··· THE DATA

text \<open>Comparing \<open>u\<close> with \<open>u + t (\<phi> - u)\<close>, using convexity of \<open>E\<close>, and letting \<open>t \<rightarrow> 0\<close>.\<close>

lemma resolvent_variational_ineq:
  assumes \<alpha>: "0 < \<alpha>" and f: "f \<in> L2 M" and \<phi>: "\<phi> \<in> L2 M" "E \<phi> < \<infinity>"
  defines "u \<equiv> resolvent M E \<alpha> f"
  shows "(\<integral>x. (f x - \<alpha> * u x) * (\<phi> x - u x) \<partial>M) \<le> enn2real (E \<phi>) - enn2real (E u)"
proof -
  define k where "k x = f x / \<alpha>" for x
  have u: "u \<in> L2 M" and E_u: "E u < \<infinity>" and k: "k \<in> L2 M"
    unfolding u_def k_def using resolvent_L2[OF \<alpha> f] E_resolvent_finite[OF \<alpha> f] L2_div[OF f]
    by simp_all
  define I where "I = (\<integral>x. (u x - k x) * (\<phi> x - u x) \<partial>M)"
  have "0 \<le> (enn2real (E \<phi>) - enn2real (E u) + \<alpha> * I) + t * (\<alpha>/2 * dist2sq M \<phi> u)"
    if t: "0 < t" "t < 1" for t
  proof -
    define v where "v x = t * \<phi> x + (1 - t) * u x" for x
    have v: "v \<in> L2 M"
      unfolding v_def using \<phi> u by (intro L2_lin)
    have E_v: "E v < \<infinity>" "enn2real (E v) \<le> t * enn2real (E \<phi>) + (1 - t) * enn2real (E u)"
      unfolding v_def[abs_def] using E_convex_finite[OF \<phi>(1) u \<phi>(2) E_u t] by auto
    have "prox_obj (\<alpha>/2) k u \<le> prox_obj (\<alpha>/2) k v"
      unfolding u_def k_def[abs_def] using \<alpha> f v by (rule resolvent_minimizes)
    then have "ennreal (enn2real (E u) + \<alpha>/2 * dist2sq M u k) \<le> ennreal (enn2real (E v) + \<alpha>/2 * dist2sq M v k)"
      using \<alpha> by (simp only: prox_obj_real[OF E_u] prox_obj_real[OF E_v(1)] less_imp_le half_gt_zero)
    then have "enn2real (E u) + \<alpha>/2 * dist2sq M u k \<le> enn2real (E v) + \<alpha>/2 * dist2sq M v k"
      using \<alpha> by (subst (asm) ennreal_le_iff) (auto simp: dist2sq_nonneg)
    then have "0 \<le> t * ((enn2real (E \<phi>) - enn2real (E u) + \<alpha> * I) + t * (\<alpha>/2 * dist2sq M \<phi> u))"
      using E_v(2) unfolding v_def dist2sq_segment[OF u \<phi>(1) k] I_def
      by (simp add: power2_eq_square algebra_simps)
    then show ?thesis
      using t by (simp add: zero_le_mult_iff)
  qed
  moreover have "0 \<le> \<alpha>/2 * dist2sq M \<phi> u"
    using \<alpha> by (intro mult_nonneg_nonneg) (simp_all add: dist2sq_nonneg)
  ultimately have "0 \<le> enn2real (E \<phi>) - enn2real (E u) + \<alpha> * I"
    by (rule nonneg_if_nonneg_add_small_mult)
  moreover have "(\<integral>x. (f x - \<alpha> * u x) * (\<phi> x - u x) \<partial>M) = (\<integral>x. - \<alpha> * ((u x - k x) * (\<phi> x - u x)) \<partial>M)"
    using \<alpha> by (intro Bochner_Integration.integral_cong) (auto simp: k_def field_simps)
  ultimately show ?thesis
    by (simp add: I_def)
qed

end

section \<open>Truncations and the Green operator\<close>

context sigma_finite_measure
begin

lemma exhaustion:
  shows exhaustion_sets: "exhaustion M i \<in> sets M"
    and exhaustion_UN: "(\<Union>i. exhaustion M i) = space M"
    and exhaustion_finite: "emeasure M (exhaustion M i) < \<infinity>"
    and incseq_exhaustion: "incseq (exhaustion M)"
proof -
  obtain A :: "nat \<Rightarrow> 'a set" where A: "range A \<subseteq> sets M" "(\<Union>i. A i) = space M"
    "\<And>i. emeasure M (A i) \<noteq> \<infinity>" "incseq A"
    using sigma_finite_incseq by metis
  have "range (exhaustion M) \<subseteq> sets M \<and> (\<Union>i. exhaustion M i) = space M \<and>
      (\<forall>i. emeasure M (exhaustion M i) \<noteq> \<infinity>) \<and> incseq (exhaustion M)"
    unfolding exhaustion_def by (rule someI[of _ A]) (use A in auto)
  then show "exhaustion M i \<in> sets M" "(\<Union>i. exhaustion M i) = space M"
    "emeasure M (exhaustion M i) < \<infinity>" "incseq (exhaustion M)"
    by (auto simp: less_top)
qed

······
··· THE DATA

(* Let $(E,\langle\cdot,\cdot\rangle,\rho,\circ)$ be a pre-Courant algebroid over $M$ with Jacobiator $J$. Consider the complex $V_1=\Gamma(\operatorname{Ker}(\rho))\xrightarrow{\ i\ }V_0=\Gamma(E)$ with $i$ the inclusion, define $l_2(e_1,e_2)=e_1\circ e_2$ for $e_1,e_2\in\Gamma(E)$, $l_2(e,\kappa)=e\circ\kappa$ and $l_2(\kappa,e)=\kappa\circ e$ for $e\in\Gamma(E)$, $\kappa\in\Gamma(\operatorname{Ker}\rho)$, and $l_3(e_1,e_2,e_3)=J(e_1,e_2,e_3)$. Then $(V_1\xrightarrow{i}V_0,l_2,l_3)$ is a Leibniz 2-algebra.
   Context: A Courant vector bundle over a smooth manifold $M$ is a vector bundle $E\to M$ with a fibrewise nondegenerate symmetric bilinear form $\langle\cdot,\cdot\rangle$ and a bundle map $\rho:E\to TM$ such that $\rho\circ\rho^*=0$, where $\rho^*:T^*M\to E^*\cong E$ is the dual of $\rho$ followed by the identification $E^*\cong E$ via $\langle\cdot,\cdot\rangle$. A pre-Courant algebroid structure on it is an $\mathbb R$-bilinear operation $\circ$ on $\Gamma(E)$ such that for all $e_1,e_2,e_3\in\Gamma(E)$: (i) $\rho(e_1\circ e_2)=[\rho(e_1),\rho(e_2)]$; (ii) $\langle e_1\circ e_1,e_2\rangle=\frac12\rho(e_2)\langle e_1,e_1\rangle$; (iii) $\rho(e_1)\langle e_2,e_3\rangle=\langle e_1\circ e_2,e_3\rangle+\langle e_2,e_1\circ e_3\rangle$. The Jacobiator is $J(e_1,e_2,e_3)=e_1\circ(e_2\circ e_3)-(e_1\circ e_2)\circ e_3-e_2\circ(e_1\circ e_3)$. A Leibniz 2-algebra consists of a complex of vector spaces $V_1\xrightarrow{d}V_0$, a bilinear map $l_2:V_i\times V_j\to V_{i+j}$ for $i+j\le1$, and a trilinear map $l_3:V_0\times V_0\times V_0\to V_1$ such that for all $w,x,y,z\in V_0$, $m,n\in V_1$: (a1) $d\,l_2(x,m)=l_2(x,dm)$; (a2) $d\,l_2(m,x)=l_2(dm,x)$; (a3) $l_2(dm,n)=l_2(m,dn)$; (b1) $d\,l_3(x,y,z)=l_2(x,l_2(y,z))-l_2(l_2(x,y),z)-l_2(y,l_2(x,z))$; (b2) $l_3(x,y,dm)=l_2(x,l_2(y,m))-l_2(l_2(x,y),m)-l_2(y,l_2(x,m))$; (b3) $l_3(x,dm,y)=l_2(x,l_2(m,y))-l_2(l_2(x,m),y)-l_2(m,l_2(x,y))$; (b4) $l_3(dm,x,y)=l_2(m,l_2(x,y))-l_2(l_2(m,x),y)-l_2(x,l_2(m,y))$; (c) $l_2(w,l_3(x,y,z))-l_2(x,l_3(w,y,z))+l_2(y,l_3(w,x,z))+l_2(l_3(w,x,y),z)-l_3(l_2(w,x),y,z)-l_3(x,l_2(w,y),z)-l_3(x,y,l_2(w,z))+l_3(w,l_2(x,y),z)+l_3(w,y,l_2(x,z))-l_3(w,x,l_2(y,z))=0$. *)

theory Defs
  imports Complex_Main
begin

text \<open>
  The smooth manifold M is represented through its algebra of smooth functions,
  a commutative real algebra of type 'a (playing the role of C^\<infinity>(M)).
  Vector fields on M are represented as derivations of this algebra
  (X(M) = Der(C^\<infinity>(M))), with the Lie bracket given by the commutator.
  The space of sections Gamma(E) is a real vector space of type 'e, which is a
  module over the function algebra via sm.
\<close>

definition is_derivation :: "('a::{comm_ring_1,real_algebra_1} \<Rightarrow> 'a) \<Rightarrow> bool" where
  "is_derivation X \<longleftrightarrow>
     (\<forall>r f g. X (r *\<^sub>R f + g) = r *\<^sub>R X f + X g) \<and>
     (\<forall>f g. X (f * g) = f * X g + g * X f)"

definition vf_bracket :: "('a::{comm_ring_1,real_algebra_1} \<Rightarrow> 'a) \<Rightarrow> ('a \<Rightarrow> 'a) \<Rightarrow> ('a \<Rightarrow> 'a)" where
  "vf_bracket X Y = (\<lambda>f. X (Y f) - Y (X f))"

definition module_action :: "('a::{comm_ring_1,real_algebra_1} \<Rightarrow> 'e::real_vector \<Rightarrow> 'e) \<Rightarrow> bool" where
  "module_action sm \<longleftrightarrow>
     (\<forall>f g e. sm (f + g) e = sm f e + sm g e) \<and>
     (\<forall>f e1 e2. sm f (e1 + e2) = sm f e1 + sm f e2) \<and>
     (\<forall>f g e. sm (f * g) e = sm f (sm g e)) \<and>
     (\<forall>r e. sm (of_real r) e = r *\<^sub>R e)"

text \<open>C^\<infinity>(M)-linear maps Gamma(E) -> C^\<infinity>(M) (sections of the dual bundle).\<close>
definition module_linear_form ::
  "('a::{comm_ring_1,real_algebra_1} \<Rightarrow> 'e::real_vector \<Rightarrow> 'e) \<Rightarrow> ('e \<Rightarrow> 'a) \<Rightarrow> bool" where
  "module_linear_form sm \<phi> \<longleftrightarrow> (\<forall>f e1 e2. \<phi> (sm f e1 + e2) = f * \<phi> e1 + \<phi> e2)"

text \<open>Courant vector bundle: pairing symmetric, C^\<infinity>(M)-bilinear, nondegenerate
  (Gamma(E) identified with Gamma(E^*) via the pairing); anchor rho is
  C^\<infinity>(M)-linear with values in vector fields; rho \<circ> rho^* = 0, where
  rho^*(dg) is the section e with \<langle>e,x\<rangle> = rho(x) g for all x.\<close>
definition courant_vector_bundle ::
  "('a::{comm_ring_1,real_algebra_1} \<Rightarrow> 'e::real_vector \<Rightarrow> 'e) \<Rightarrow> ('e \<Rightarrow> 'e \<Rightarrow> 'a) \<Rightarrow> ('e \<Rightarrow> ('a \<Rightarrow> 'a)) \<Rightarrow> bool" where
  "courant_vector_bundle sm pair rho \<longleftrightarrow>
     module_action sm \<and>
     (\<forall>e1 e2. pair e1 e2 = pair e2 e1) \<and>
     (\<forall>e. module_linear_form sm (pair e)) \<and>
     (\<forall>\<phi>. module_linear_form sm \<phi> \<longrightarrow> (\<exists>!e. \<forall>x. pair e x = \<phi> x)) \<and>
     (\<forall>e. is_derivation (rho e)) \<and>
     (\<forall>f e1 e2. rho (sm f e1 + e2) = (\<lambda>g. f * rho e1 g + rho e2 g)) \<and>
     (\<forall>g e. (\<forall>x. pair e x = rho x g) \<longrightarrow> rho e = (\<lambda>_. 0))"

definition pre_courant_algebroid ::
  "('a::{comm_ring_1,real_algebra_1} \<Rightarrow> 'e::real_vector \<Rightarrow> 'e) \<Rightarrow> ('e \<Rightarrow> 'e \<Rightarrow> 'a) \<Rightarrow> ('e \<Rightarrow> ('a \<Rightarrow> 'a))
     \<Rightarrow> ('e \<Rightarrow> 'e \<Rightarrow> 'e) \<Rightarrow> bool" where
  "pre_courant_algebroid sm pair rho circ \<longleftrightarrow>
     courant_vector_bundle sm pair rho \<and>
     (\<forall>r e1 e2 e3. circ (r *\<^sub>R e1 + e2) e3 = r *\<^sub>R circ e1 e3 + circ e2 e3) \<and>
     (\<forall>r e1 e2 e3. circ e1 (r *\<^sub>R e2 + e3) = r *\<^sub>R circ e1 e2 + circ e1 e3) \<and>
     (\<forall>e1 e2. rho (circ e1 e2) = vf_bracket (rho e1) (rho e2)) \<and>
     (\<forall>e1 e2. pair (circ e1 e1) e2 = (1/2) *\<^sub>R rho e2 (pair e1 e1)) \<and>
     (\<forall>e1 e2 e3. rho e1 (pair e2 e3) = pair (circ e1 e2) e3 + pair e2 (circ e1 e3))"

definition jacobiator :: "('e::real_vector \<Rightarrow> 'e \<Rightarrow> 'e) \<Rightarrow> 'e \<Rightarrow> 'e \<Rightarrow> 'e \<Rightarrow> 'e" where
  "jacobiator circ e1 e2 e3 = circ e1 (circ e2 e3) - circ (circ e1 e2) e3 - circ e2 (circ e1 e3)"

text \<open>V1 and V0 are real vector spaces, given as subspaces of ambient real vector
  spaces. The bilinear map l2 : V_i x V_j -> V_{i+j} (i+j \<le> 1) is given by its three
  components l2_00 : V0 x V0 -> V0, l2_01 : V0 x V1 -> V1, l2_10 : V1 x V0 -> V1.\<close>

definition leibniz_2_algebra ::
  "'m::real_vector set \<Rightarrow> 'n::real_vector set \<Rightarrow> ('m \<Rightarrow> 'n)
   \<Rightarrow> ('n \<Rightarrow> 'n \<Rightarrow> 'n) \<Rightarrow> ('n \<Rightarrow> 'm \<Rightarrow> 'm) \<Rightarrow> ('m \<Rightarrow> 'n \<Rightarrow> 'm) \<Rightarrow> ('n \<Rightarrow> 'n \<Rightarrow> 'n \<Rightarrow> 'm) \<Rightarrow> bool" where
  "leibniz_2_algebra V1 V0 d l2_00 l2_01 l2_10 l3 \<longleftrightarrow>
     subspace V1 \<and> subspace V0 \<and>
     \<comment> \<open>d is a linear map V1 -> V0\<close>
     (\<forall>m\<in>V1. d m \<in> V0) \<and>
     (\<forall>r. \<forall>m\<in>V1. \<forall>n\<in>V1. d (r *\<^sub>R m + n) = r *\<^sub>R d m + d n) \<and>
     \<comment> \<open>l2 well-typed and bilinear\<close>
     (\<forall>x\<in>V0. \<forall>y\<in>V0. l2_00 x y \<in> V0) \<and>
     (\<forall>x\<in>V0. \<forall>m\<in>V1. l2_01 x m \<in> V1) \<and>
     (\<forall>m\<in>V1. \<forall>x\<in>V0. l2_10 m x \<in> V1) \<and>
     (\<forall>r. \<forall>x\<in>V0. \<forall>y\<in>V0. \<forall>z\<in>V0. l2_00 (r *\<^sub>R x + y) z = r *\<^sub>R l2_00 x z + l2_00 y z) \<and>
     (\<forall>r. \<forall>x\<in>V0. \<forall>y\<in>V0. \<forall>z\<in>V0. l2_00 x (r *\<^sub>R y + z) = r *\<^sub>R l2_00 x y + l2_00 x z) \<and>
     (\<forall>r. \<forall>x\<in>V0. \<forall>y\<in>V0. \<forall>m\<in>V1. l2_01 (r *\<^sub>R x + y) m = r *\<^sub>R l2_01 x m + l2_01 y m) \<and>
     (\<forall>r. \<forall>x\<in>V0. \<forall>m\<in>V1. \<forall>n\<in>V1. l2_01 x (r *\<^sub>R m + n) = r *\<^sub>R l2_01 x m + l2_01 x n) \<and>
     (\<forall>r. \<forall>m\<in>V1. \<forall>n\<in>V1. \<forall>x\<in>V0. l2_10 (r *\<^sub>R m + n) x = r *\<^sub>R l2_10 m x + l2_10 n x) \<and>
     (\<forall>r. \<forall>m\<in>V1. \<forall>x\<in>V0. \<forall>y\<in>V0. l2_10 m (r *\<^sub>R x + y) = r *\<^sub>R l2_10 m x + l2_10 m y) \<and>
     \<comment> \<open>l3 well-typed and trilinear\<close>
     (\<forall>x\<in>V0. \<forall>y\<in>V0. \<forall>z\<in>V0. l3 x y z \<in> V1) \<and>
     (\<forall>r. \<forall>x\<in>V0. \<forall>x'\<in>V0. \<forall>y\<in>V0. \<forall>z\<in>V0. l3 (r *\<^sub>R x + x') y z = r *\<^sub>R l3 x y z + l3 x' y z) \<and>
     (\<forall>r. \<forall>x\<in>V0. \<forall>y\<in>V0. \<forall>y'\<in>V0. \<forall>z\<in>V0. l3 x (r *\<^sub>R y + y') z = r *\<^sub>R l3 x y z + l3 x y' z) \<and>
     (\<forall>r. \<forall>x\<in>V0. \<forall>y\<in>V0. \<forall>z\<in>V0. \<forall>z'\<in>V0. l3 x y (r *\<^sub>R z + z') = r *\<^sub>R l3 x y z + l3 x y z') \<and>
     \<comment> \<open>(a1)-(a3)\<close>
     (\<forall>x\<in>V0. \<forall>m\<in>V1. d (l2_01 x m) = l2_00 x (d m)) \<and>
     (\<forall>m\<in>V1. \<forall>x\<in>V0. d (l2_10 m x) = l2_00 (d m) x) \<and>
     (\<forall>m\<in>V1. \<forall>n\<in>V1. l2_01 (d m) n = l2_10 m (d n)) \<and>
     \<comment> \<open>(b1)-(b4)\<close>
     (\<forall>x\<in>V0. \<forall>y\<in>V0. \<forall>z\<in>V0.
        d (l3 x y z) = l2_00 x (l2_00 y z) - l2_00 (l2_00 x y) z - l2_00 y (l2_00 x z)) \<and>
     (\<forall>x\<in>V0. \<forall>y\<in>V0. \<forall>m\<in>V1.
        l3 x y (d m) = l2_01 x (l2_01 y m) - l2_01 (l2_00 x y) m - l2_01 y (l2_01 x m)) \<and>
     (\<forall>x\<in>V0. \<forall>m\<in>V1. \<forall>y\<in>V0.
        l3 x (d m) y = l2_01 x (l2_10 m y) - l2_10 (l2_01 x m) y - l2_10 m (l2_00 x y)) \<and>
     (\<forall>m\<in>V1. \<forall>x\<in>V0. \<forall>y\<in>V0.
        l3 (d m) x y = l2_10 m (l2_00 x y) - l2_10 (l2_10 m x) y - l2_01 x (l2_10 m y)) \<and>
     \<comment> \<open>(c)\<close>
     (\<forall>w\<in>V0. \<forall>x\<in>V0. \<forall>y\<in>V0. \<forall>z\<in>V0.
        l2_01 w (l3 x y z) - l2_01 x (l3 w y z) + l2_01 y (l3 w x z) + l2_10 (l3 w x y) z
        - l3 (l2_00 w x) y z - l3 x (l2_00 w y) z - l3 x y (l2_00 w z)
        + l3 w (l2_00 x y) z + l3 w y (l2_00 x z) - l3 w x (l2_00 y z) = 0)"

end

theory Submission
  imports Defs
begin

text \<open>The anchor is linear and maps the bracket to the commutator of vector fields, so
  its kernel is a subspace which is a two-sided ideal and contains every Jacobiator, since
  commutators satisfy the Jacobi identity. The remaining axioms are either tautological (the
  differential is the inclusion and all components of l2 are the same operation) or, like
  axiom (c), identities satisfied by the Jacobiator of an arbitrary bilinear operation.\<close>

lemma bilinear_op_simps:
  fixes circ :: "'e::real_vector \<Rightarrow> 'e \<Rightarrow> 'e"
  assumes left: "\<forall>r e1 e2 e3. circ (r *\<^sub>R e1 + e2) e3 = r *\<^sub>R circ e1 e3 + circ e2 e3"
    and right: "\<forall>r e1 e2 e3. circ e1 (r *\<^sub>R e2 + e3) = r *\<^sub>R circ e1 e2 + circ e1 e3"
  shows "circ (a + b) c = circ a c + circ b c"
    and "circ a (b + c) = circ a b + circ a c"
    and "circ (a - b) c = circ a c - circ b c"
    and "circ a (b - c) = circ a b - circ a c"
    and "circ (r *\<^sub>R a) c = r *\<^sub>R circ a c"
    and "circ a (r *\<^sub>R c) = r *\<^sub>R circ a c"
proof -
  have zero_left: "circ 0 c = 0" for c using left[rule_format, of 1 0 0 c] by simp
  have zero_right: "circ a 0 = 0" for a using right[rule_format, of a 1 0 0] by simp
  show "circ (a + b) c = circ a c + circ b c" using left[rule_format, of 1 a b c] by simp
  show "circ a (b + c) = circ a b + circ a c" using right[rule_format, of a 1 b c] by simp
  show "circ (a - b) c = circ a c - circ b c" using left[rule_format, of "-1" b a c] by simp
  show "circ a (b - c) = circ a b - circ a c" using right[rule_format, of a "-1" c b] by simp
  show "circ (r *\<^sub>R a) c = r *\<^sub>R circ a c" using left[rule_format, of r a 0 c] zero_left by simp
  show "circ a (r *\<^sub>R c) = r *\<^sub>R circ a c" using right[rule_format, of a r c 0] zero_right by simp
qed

······

**AIM OF THE TASK:**
Reproduce exactly, and with no other material, the lines between those holding "using \<alpha> by (simp" and "emeasure M (A", inclusive.

**RESPONSE BELOW:**
      using \<alpha> by (simp only: prox_obj_real[OF E_u] prox_obj_real[OF E_v(1)] less_imp_le half_gt_zero)
    then have "enn2real (E u) + \<alpha>/2 * dist2sq M u k \<le> enn2real (E v) + \<alpha>/2 * dist2sq M v k"
      using \<alpha> by (subst (asm) ennreal_le_iff) (auto simp: dist2sq_nonneg)
    then have "0 \<le> t * ((enn2real (E \<phi>) - enn2real (E u) + \<alpha> * I) + t * (\<alpha>/2 * dist2sq M \<phi> u))"
      using E_v(2) unfolding v_def dist2sq_segment[OF u \<phi>(1) k] I_def
      by (simp add: power2_eq_square algebra_simps)
    then show ?thesis
      using t by (simp add: zero_le_mult_iff)
  qed
  moreover have "0 \<le> \<alpha>/2 * dist2sq M \<phi> u"
    using \<alpha> by (intro mult_nonneg_nonneg) (simp_all add: dist2sq_nonneg)
  ultimately have "0 \<le> enn2real (E \<phi>) - enn2real (E u) + \<alpha> * I"
    by (rule nonneg_if_nonneg_add_small_mult)
  moreover have "(\<integral>x. (f x - \<alpha> * u x) * (\<phi> x - u x) \<partial>M) = (\<integral>x. - \<alpha> * ((u x - k x) * (\<phi> x - u x)) \<partial>M)"
    using \<alpha> by (intro Bochner_Integration.integral_cong) (auto simp: k_def field_simps)
  ultimately show ?thesis
    by (simp add: I_def)
qed

end

section \<open>Truncations and the Green operator\<close>

context sigma_finite_measure
begin

lemma exhaustion:
  shows exhaustion_sets: "exhaustion M i \<in> sets M"
    and exhaustion_UN: "(\<Union>i. exhaustion M i) = space M"
    and exhaustion_finite: "emeasure M (exhaustion M i) < \<infinity>"
    and incseq_exhaustion: "incseq (exhaustion M)"
proof -
  obtain A :: "nat \<Rightarrow> 'a set" where A: "range A \<subseteq> sets M" "(\<Union>i. A i) = space M"
    "\<And>i. emeasure M (A i) \<noteq> \<infinity>" "incseq A"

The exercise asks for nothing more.